(* Let $\tau\in\mathbb N$ and $f:\mathbb Z_+\times\mathbb R\to\mathbb R$, continuous in $x$, be asymptotically $\tau$-periodic in time, $f=P+R$. Assume: the $\tau$-periodic solutions of $x(t+1)=P(t,x(t))$ are isolated; every $g\in H^+(f)$ is strictly increasing in $x$; and the solution $\varphi(t,u_0,f)$ of $x(t+1)=f(t,x(t))$, $x(0)=u_0$, is bounded on $\mathbb Z_+$. Then $\varphi(t,u_0,f)$ is asymptotically $\tau$-periodic: there is a $\tau$-periodic sequence $p$ with $\varphi(t,u_0,f)-p(t)\to0$ as $t\to\infty$.
   Context: Asymptotically $\tau$-periodic in time: $f=P+R$ with $P(t+\tau,x)=P(t,x)$ for all $(t,x)$ and $\lim_{t\to\infty}R(t,x)=0$ uniformly in $x$ on compact subsets of $\mathbb R$. $H^+(f)$ is the closure of $\{f(\cdot+h,\cdot):h\in\mathbb Z_+\}$ in the topology of uniform convergence on finite $t$-sets times compact $x$-sets. A $\tau$-periodic solution $\varphi(t,u_0,P)$ (i.e. $\varphi(\tau,u_0,P)=u_0$) of $x(t+1)=P(t,x(t))$ is isolated if there is $\delta>0$ such that no $u\neq u_0$ with $|u-u_0|<\delta$ gives a $\tau$-periodic solution. *)

theory Defs
  imports "HOL-Analysis.Analysis"
begin

primrec sol :: "(nat \<Rightarrow> real \<Rightarrow> real) \<Rightarrow> real \<Rightarrow> nat \<Rightarrow> real" where
  "sol f u0 0 = u0"
| "sol f u0 (Suc t) = f t (sol f u0 t)"

text \<open>H^+(f): closure of the forward translates f(.+h,.) in the topology of uniform
  convergence on finite t-sets times compact x-sets (neighbourhood-basis description).\<close>
definition Hplus :: "(nat \<Rightarrow> real \<Rightarrow> real) \<Rightarrow> (nat \<Rightarrow> real \<Rightarrow> real) set" where
  "Hplus f = {g. \<forall>T K e. finite T \<longrightarrow> compact K \<longrightarrow> e > 0 \<longrightarrow>
      (\<exists>h. \<forall>t\<in>T. \<forall>x\<in>K. \<bar>f (t + h) x - g t x\<bar> < e)}"

definition periodic_sol :: "nat \<Rightarrow> (nat \<Rightarrow> real \<Rightarrow> real) \<Rightarrow> real \<Rightarrow> bool" where
  "periodic_sol \<tau> P u0 \<longleftrightarrow> sol P u0 \<tau> = u0"

definition isolated_periodic_sol :: "nat \<Rightarrow> (nat \<Rightarrow> real \<Rightarrow> real) \<Rightarrow> real \<Rightarrow> bool" where
  "isolated_periodic_sol \<tau> P u0 \<longleftrightarrow>
     (\<exists>\<delta>>0. \<forall>u. u \<noteq> u0 \<and> \<bar>u - u0\<bar> < \<delta> \<longrightarrow> \<not> periodic_sol \<tau> P u)"

end

theory Submission
  imports Defs
begin

text \<open>Sample the solution at the times k\<tau>: y k = \<phi>(k\<tau>, u0, f). Along any subsequence on
  which y converges to v, the next sample converges to \<Phi> v, where \<Phi> is the period map of the
  limit equation x(t+1) = P(t, x(t)); \<Phi> is monotone because P \<in> Hplus f. Hence if c is not a fixed
  point of \<Phi>, say c < \<Phi> c, the sequence y cannot cross c downwards infinitely often, so it
  eventually stays on one side of c. Since the fixed points of \<Phi> are isolated, such c are dense,
  and a bounded sequence that eventually stays on one side of each point of a dense set
  converges. Its limit L gives \<phi>(k\<tau> + r, u0, f) \<rightarrow> \<phi>(r, L, P) for every r.\<close>

lemma eventually_or_eventually_not_if_eventually_invariant:
  assumes "eventually (\<lambda>k. Q k \<longrightarrow> Q (Suc k)) sequentially"
  shows "eventually Q sequentially \<or> eventually (\<lambda>k. \<not> Q k) sequentially"
proof -
  obtain N where N: "\<And>k. k \<ge> N \<Longrightarrow> Q k \<Longrightarrow> Q (Suc k)"
    using assms unfolding eventually_sequentially by blast
  show ?thesis
  proof (cases "\<exists>k0\<ge>N. Q k0")
    case True
    then obtain k0 where k0: "k0 \<ge> N" "Q k0" by blast
    have "Q k" if "k0 \<le> k" for k
      using that
    proof (induction k rule: dec_induct)
      case (step k)
      then show ?case using N k0(1) by simp
    qed (use k0 in simp)
    then show ?thesis unfolding eventually_sequentially by blast
  next
    case False
    then show ?thesis unfolding eventually_sequentially by blast
  qed
qed

lemma frequently_convergent_subseq:
  fixes y :: "nat \<Rightarrow> 'a::heine_borel"
  assumes "bounded (range y)" and "frequently Q sequentially"
  obtains q l where "filterlim q at_top sequentially" "\<And>j. Q (q j)" "(y \<circ> q) \<longlonglongrightarrow> l"
proof -
  obtain s where s: "\<And>N. s N \<ge> N \<and> Q (s N)"
    using assms(2) unfolding frequently_sequentially by metis
  have "bounded (range (y \<circ> s))"
    using assms(1) by (rule bounded_subset) auto
  then obtain l r where r: "strict_mono r" "(y \<circ> s \<circ> r) \<longlonglongrightarrow> l"
    using bounded_imp_convergent_subsequence by blast
  have "filterlim s at_top sequentially"
    unfolding filterlim_at_top eventually_sequentially using s le_trans by blast
  then have "filterlim (s \<circ> r) at_top sequentially"
    unfolding comp_def by (rule filterlim_compose[OF _ filterlim_subseq[OF r(1)]])
  with r(2) s show ?thesis
    by (intro that[of "s \<circ> r" l]) (simp_all add: comp_assoc)
qed

text \<open>A sequential substitute for y being an asymptotic pseudo-orbit of \<Phi>; no continuity of \<Phi>
  is needed.\<close>

definition follows_at_limits :: "(real \<Rightarrow> real) \<Rightarrow> (nat \<Rightarrow> real) \<Rightarrow> bool" where
  "follows_at_limits \<Phi> y \<longleftrightarrow> (\<forall>q v. filterlim q at_top sequentially \<longrightarrow> (y \<circ> q) \<longlonglongrightarrow> v \<longrightarrow>
      (\<lambda>j. y (Suc (q j))) \<longlonglongrightarrow> \<Phi> v)"

lemma eventually_one_side_if_below_image:
  fixes y :: "nat \<Rightarrow> real" and \<Phi> :: "real \<Rightarrow> real"
  assumes bdd: "bounded (range y)" and "mono \<Phi>"
    and orbit: "follows_at_limits \<Phi> y"
    and "c < \<Phi> c"
  shows "eventually (\<lambda>k. c \<le> y k) sequentially \<or> eventually (\<lambda>k. y k \<le> c) sequentially"
proof -
  have "eventually (\<lambda>k. c \<le> y k \<longrightarrow> c \<le> y (Suc k)) sequentially"
  proof (rule ccontr)
    assume "\<not> ?thesis"
    then have "frequently (\<lambda>k. c \<le> y k \<and> y (Suc k) < c) sequentially"
      by (simp add: not_eventually not_le)
    then obtain q v where q: "filterlim q at_top sequentially"
      and cross: "\<And>j. c \<le> y (q j) \<and> y (Suc (q j)) < c" and v: "(y \<circ> q) \<longlonglongrightarrow> v"
      by (rule frequently_convergent_subseq[OF bdd]) blast
    have next_lim: "(\<lambda>j. y (Suc (q j))) \<longlonglongrightarrow> \<Phi> v"
      using orbit q v unfolding follows_at_limits_def by blast
    have "c \<le> v"
      by (rule LIMSEQ_le_const[OF v]) (use cross in auto)
    moreover have "\<Phi> v \<le> c"
      using next_lim by (rule LIMSEQ_le_const2) (use cross in \<open>auto intro: less_imp_le\<close>)
    ultimately show False
      using \<open>mono \<Phi>\<close> \<open>c < \<Phi> c\<close> by (meson monoD not_le order_trans)
  qed
  from eventually_or_eventually_not_if_eventually_invariant[OF this]
  consider "eventually (\<lambda>k. c \<le> y k) sequentially" | "eventually (\<lambda>k. \<not> c \<le> y k) sequentially"
    by blast
  then show ?thesis
  proof cases
    case 2
    then have "eventually (\<lambda>k. y k \<le> c) sequentially"
      by eventually_elim simp
    then show ?thesis by blast
  qed simp
qed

==========

* _Aim of the exercise_: Show each line of the listing that holds the string "lambda".

* _Solution for this task_:
  assumes "eventually (\<lambda>k. Q k \<longrightarrow> Q (Suc k)) sequentially"
  shows "eventually Q sequentially \<or> eventually (\<lambda>k. \<not> Q k) sequentially"
      (\<lambda>j. y (Suc (q j))) \<longlonglongrightarrow> \<Phi> v)"
  shows "eventually (\<lambda>k. c \<le> y k) sequentially \<or> eventually (\<lambda>k. y k \<le> c) sequentially"
  have "eventually (\<lambda>k. c \<le> y k \<longrightarrow> c \<le> y (Suc k)) sequentially"
    then have "frequently (\<lambda>k. c \<le> y k \<and> y (Suc k) < c) sequentially"
    have next_lim: "(\<lambda>j. y (Suc (q j))) \<longlonglongrightarrow> \<Phi> v"
  consider "eventually (\<lambda>k. c \<le> y k) sequentially" | "eventually (\<lambda>k. \<not> c \<le> y k) sequentially"
    then have "eventually (\<lambda>k. y k \<le> c) sequentially"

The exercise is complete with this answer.